# C&C on a couple shots



## FattyMcJ (Jul 8, 2011)

Hey folks, 

Been a while since I've shot any sort of products, but I've learned a lot about lighting since then.  Now I'm stuck with a quandary of sorts.  Black leather.

Here's the shots: 







&






And a few supplement/detail shots:











My main question is, how do you deal with the semi-reflective nature of black leather (so as not to over expose) while still preserving the detail in the shadows of the wrinkles/tooling designs ?

To me, they're underexposed, but when "properly" exposed, I lose the deep black tones and the leather becomes gray-ish.  Are my results acceptable?

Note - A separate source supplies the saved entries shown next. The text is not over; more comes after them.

lemma agg_occ_det_le_occ_mass:
  assumes rho0: "\<forall>x. 0 \<le> rho x" and T0: "\<forall>x a x'. 0 \<le> T x a x'" and pb0: "\<forall>x a. 0 \<le> pb x a"
    and disj: "\<forall>h\<in>{1..H}. disjoint (Phi h)"
    and mu: "\<forall>h\<in>{1..H}. \<forall>x a. mu h x a = occ T rho pb h x * pb x a"
    and cover: "\<forall>x. 1 \<le> CA * pb x (pe x)" and CA0: "0 \<le> CA"
    and "Suc n \<le> H"
  shows "agg_occ T rho Phi mu (det_policy pe) (Suc n) phi
           \<le> CA ^ n * (\<Sum>x\<in>phi. occ T rho pb (Suc n) x)"
  using \<open>Suc n \<le> H\<close>
proof (induction n arbitrary: phi)
  case (Suc n)
  let ?h = "Suc n"
  have hH: "?h \<in> {1..H}" using Suc.prems by simp
  have occ0: "\<forall>x. 0 \<le> occ T rho pb h x" for h using occ_nonneg[OF rho0 T0 pb0] by blast
  define w where "w psi = (\<Sum>x\<in>psi. mu ?h x (pe x))" for psi
  define N where "N psi = (\<Sum>x\<in>psi. mu ?h x (pe x) * (\<Sum>x'\<in>phi. T x (pe x) x'))" for psi
  have mu_h: "\<forall>x a. mu ?h x a = occ T rho pb ?h x * pb x a" using mu hH by blast
  have mu0: "0 \<le> mu ?h x a" for x a using mu_h occ0 pb0 by simp
  have agg_le_weight: "agg_occ T rho Phi mu (det_policy pe) ?h psi \<le> CA ^ ?h * w psi" for psi
  proof -
    have "agg_occ T rho Phi mu (det_policy pe) ?h psi \<le> CA ^ n * (\<Sum>x\<in>psi. occ T rho pb ?h x)"
      using Suc by simp
    also have "\<dots> \<le> CA ^ n * (CA * w psi)"
      unfolding w_def using occ_mass_le_weight[of mu ?h T rho pb CA pe, OF mu_h cover occ0] CA0
      by (intro mult_left_mono) auto
    finally show ?thesis by (simp add: mult_ac)
  qed
  have "agg_occ T rho Phi mu (det_policy pe) (Suc ?h) phi
      = (\<Sum>psi\<in>Phi ?h. agg_occ T rho Phi mu (det_policy pe) ?h psi * (N psi / w psi))"
    by (simp add: agg_trans_det_policy N_def w_def)
  also have "\<dots> \<le> (\<Sum>psi\<in>Phi ?h. CA ^ ?h * N psi)"
    using agg_le_weight mu0 T0 CA0
    by (intro sum_mono mult_divide_le_of_le_mult)
       (auto simp: w_def N_def intro!: sum_nonneg mult_nonneg_nonneg)
  also have "\<dots> \<le> CA ^ ?h * (\<Sum>x\<in>UNIV. mu ?h x (pe x) * (\<Sum>x'\<in>phi. T x (pe x) x'))"
    unfolding sum_distrib_left[symmetric] N_def
    using disj hH mu0 T0 CA0
    by (intro mult_left_mono sum_disjoint_family_le) (auto intro!: sum_nonneg mult_nonneg_nonneg)
  also have "\<dots> \<le> CA ^ ?h * (\<Sum>x\<in>phi. occ T rho pb (Suc ?h) x)"
    using occ_det_step_le[OF rho0 T0 pb0, of n pe phi] mu_h CA0
    by (intro mult_left_mono) auto
  finally show ?case .
qed simp

lemma agg_conc_set_finite:
  "finite (agg_conc_set T rho H Phi mu pe eps)"
proof (rule finite_subset)
  show "agg_conc_set T rho H Phi mu pe eps \<subseteq>
      (\<lambda>(h, I). (\<Sum>phi\<in>I. agg_occ T rho Phi mu (det_policy pe) h phi) /
                (\<Sum>phi\<in>I. \<Sum>x\<in>phi. mu h x (pe x))) ` ({1..H} \<times> UNIV)"
    unfolding agg_conc_set_def by (auto simp: image_iff)
qed auto

lemma one_le_of_coverage:
  assumes "is_policy pb" "\<forall>x. 1 \<le> CA * pb x (pe x)"
  shows "1 \<le> (CA :: real)"
proof -
  fix x
  have "pb x (pe x) \<le> 1"
    using assms(1) member_le_sum[of "pe x" UNIV "pb x"] by (simp add: is_policy_def)
  moreover have "0 \<le> pb x (pe x)"
    using assms(1) by (simp add: is_policy_def)
  moreover have "1 \<le> CA * pb x (pe x)"
    using assms(2) by blast
  ultimately show ?thesis
    using mult_left_le[of "pb x (pe x)" CA] mult_nonpos_nonneg[of CA "pb x (pe x)"]
    by (cases "0 \<le> CA") auto
qed

lemma agg_conc_set_le:
  assumes rho0: "\<forall>x. 0 \<le> rho x" and T0: "\<forall>x a x'. 0 \<le> T x a x'" and pb0: "\<forall>x a. 0 \<le> pb x a"
    and disj: "\<forall>h\<in>{1..H}. disjoint (Phi h)"
    and mu: "\<forall>h\<in>{1..H}. \<forall>x a. mu h x a = occ T rho pb h x * pb x a"
    and cover: "\<forall>x. 1 \<le> CA * pb x (pe x)" and CA1: "1 \<le> CA"
    and "r \<in> agg_conc_set T rho H Phi mu pe eps"
  shows "r \<le> CA ^ H"
proof -
  obtain h I where hH: "h \<in> {1..H}"
    and r: "r = (\<Sum>phi\<in>I. agg_occ T rho Phi mu (det_policy pe) h phi) /
                (\<Sum>phi\<in>I. \<Sum>x\<in>phi. mu h x (pe x))"
    using \<open>r \<in> _\<close> unfolding agg_conc_set_def by blast
  obtain n where h: "h = Suc n" using hH by (cases h) auto
  have occ0: "\<forall>x. 0 \<le> occ T rho pb h x" using occ_nonneg[OF rho0 T0 pb0] by blast
  have mu_h: "\<forall>x a. mu h x a = occ T rho pb h x * pb x a" using mu hH by blast
  have weight0: "0 \<le> (\<Sum>phi\<in>I. \<Sum>x\<in>phi. mu h x (pe x))"
    using mu_h occ0 pb0 by (auto intro!: sum_nonneg)
  have "(\<Sum>phi\<in>I. agg_occ T rho Phi mu (det_policy pe) h phi)
      \<le> (\<Sum>phi\<in>I. CA ^ n * (\<Sum>x\<in>phi. occ T rho pb h x))"
    using agg_occ_det_le_occ_mass[OF rho0 T0 pb0 disj mu cover] CA1 hH h
    by (intro sum_mono) auto
  also have "\<dots> \<le> (\<Sum>phi\<in>I. CA ^ n * (CA * (\<Sum>x\<in>phi. mu h x (pe x))))"
    using occ_mass_le_weight[of mu h T rho pb CA pe, OF mu_h cover occ0] CA1
    by (intro sum_mono mult_left_mono) auto
  also have "\<dots> = CA ^ h * (\<Sum>phi\<in>I. \<Sum>x\<in>phi. mu h x (pe x))"
    by (simp add: h sum_distrib_left mult_ac)
  finally have "r \<le> CA ^ h"
    using r weight0 CA1 by (cases "(\<Sum>phi\<in>I. \<Sum>x\<in>phi. mu h x (pe x)) = 0")
      (auto simp: divide_le_eq)
  also have "\<dots> \<le> CA ^ H"
    using hH CA1 by (intro power_increasing) auto
  finally show ?thesis .
qed

theorem mainTheorem9:
  fixes lay :: "'x::finite \<Rightarrow> nat" and H :: nat
    and T :: "'x \<Rightarrow> 'a::finite \<Rightarrow> 'x \<Rightarrow> real" and rho :: "'x \<Rightarrow> real"
    and pe :: "'x \<Rightarrow> 'a" and Phi :: "nat \<Rightarrow> 'x set set"
    and mu :: "nat \<Rightarrow> 'x \<Rightarrow> 'a \<Rightarrow> real" and pb :: "'x \<Rightarrow> 'a \<Rightarrow> real"
    and CA eps :: real
  assumes "layered_MTM lay H T rho"
    and "aggregation_scheme lay H Phi"
    and "is_policy pb"
    and "\<forall>h\<in>{1..H}. \<forall>x a. mu h x a = occ T rho pb h x * pb x a"
    and "\<forall>x. pb x (pe x) > 0 \<and> 1 / pb x (pe x) \<le> CA"
    and "eps > 0"
    and "agg_conc_set T rho H Phi mu pe eps \<noteq> {}"
  shows "agg_conc T rho H Phi mu pe eps \<le> CA ^ H"
proof -
  have rho0: "\<forall>x. 0 \<le> rho x" and T0: "\<forall>x a x'. 0 \<le> T x a x'"
    using assms(1) by (auto simp: layered_MTM_def)
  have pb0: "\<forall>x a. 0 \<le> pb x a"
    using assms(3) by (simp add: is_policy_def)
  have disj: "\<forall>h\<in>{1..H}. disjoint (Phi h)"
    using assms(2) by (auto simp: aggregation_scheme_def partition_on_def)
  have cover: "\<forall>x. 1 \<le> CA * pb x (pe x)"
    using assms(5) by (auto simp: divide_le_eq mult.commute)
  have "1 \<le> CA" using one_le_of_coverage[OF assms(3) cover] .
  then show ?thesis
    unfolding agg_conc_def
    using agg_conc_set_le[OF rho0 T0 pb0 disj assms(4) cover]
    by (intro Max.boundedI agg_conc_set_finite assms(7))
qed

Oh, and for reference: SB-800 in 43" reflective umbrella 3' above, SB-800 in 24" softbox CL about a foot away for fill.


----------



## kasperjd4 (Jul 11, 2011)

The lighting is pretty flat. 

Don't light straight on, light from the far side or even a little behind. Let the light wrap around the subject to give you highlights & shadows. Product lighting takes a long time to get right unless you have a lot of experience & know exactly what you are doing. Keep trying different lighting set-ups. Keep up the good work!


----------



## lawrencebrussel (Aug 1, 2011)

It looks so perfect . loved these pictures.


----------